Saved entries:
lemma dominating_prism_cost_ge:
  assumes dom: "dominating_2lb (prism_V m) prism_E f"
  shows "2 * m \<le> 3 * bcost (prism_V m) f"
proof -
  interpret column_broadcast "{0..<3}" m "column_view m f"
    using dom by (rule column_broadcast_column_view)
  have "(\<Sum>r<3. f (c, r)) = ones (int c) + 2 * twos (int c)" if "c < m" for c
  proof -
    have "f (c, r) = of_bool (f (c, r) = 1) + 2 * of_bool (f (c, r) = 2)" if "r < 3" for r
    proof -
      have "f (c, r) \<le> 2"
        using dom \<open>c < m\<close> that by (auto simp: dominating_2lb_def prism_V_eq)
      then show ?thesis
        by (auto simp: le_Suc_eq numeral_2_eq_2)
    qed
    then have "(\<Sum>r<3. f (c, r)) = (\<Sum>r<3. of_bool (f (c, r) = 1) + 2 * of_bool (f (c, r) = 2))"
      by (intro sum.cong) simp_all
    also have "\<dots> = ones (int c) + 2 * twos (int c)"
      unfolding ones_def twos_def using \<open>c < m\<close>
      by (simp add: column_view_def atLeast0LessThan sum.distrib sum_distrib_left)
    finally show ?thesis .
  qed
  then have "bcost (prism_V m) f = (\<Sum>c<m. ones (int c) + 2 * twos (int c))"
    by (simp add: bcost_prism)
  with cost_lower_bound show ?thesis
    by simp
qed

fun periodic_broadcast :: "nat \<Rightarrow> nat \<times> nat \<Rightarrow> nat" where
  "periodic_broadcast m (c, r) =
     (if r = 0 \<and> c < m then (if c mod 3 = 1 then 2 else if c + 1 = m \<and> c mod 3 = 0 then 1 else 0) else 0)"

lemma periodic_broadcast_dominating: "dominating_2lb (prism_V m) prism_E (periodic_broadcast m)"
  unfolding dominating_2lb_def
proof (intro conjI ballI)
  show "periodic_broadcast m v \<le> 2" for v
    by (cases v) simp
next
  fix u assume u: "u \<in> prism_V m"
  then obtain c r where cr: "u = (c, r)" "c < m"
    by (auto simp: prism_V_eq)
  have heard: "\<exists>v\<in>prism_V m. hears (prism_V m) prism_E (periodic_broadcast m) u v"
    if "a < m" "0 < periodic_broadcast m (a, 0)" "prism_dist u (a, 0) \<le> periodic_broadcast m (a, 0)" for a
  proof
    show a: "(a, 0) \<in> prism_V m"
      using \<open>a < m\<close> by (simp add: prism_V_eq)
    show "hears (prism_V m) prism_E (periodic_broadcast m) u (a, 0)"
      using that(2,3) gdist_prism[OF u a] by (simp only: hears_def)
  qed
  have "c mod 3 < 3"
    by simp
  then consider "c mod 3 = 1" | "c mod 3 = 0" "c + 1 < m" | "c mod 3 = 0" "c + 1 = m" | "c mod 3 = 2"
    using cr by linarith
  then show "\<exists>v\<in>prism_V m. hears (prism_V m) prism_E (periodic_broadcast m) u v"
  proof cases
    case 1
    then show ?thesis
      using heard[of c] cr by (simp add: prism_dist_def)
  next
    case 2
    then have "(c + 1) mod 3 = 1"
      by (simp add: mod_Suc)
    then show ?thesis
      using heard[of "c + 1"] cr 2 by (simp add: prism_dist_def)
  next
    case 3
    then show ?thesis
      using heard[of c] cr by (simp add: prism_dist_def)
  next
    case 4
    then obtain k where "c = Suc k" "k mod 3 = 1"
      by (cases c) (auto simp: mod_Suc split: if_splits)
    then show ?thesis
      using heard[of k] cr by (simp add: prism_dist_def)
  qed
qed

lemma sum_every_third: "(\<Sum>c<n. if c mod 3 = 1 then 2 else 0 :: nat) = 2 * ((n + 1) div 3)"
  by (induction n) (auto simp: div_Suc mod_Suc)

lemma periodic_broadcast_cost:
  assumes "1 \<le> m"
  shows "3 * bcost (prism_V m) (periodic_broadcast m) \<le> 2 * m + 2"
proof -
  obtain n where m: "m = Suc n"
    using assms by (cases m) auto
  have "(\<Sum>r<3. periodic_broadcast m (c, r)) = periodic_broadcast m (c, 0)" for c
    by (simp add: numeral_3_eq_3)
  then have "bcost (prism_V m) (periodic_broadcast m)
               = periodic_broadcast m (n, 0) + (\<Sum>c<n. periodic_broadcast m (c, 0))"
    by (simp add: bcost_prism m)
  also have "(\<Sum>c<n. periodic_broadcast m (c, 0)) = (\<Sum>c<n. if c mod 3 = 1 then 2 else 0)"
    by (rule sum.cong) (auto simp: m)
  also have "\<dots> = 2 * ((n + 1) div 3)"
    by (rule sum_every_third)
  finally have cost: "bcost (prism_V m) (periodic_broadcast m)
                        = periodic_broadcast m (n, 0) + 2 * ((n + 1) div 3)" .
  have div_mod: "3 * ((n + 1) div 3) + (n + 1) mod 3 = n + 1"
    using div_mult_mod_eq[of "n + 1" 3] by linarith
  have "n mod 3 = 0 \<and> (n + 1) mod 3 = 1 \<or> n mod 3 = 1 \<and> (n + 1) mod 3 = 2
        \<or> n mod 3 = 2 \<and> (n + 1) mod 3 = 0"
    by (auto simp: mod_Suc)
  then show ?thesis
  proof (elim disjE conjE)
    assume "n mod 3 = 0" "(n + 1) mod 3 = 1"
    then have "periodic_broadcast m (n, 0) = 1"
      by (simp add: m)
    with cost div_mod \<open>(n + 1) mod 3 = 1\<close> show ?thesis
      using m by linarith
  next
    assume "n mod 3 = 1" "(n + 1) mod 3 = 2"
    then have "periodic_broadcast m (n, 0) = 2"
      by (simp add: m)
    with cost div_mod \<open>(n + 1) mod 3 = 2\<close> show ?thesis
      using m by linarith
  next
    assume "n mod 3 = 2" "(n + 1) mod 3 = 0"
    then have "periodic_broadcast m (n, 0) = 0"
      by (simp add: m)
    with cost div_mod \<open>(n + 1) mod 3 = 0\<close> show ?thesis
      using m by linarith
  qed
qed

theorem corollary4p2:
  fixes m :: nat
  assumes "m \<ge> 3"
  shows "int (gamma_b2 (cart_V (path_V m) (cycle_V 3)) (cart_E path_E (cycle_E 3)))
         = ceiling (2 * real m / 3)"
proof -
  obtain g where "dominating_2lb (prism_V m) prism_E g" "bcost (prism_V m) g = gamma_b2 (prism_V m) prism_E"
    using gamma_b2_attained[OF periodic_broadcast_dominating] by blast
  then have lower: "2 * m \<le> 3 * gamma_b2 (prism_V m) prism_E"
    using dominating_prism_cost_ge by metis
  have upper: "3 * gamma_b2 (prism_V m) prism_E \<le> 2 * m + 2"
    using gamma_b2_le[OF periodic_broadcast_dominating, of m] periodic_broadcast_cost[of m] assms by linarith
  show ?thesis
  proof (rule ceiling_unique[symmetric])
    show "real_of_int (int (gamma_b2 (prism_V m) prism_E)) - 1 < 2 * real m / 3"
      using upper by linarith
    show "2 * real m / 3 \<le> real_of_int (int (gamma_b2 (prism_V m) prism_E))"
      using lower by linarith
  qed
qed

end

--

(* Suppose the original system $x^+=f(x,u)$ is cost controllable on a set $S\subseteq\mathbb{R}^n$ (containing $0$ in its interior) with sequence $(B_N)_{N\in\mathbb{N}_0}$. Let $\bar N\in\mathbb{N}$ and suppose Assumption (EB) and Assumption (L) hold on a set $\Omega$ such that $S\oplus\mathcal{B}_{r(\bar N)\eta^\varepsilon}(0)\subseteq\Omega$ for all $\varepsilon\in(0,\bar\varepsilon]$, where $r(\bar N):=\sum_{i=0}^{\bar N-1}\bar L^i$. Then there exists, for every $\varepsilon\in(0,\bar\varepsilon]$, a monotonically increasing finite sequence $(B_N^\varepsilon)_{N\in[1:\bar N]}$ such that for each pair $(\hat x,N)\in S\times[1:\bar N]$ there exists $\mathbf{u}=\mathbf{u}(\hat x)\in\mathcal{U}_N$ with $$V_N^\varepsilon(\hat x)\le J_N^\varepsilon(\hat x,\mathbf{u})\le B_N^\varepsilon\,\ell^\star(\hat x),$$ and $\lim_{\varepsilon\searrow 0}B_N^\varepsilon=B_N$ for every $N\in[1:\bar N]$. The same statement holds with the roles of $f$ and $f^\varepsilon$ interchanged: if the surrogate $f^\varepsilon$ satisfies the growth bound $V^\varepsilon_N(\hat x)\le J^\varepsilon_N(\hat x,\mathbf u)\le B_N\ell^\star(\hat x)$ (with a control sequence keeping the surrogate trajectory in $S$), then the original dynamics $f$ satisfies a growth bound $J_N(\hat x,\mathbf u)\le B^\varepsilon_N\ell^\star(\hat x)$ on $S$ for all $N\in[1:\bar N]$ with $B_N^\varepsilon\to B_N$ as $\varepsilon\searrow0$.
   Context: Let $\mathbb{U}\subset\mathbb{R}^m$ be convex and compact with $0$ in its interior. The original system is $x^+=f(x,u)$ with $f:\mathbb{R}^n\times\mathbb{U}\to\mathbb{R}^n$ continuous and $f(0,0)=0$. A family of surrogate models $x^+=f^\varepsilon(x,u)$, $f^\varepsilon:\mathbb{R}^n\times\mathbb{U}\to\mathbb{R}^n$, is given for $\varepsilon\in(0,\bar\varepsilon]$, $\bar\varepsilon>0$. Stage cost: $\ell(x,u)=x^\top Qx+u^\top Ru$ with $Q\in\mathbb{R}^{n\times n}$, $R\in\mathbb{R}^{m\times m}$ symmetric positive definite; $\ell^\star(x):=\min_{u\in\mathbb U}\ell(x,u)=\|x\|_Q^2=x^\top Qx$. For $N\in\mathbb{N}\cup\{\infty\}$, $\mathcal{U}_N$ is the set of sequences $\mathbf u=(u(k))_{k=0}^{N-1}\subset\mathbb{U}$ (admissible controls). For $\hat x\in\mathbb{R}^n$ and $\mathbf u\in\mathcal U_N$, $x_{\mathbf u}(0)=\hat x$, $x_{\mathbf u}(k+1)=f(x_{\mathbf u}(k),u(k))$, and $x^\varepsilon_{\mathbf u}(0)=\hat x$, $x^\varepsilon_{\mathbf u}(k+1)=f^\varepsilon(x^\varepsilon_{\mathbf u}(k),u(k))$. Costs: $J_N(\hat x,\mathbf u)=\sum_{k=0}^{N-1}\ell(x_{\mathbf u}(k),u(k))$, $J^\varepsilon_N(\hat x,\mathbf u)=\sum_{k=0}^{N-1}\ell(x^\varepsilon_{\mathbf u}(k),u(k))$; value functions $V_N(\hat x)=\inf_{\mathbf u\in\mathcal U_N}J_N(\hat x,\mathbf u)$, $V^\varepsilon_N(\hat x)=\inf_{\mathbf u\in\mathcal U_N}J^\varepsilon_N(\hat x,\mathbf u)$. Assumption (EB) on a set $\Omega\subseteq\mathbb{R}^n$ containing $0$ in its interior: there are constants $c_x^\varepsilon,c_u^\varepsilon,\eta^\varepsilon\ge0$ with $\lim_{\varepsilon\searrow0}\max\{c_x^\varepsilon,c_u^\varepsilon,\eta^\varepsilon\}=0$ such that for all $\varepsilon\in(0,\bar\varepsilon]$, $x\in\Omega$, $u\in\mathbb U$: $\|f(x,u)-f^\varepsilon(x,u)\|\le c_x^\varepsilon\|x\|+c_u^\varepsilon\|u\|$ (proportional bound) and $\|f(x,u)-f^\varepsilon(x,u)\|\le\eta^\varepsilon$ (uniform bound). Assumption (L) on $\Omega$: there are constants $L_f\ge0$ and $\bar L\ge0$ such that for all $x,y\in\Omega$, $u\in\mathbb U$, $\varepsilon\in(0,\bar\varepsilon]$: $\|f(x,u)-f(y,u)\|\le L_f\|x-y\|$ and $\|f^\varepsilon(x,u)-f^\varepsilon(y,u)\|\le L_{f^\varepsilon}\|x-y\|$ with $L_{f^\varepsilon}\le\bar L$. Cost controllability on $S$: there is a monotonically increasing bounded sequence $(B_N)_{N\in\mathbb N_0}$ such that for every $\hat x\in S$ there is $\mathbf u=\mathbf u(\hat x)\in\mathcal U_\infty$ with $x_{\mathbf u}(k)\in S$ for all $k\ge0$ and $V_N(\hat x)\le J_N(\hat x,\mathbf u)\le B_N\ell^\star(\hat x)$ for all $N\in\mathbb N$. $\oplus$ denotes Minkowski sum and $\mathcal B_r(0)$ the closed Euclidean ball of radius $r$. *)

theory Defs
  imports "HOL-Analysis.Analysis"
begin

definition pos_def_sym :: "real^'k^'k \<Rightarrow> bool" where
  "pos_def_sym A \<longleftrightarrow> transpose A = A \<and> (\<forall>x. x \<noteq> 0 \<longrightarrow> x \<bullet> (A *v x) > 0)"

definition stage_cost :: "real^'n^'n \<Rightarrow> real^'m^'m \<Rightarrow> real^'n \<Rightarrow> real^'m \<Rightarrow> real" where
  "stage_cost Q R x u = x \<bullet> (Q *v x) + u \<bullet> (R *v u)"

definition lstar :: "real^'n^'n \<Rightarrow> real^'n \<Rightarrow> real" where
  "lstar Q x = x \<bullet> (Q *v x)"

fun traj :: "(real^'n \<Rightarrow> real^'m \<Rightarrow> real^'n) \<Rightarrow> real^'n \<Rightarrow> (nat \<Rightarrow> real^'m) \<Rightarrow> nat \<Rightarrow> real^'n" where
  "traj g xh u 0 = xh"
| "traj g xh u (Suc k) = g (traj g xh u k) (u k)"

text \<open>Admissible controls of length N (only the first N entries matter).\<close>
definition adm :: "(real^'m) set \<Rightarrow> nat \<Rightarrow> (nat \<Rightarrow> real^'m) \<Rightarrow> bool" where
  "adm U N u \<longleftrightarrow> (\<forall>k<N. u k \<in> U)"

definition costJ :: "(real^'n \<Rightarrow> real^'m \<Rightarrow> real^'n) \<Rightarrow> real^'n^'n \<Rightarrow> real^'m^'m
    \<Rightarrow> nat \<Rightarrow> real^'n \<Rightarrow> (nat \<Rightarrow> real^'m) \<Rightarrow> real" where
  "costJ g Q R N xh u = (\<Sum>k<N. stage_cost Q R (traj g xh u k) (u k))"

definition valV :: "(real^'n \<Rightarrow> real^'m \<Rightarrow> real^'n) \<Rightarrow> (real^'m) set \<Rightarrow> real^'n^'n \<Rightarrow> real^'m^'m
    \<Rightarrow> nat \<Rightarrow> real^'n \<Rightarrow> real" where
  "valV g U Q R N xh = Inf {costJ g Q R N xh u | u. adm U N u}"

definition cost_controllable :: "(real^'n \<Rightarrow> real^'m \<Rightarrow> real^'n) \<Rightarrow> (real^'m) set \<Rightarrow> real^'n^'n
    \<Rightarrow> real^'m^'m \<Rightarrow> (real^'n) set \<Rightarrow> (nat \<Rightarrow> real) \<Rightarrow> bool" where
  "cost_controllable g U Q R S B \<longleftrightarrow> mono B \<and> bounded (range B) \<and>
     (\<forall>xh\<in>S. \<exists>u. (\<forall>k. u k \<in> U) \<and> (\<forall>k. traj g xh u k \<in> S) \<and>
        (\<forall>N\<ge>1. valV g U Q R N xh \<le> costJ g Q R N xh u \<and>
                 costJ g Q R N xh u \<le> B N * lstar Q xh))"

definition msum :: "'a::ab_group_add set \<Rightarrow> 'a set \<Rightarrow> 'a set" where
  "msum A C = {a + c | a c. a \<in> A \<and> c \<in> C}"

**Work instructions**
Working from the entries above, return all lines that contain "thesis".

**Output for this exercise**
      then show ?thesis
    finally show ?thesis .
  with cost_lower_bound show ?thesis
    then show ?thesis
    then show ?thesis
    then show ?thesis
    then show ?thesis
  then show ?thesis
    with cost div_mod \<open>(n + 1) mod 3 = 1\<close> show ?thesis
    with cost div_mod \<open>(n + 1) mod 3 = 2\<close> show ?thesis
    with cost div_mod \<open>(n + 1) mod 3 = 0\<close> show ?thesis
  show ?thesis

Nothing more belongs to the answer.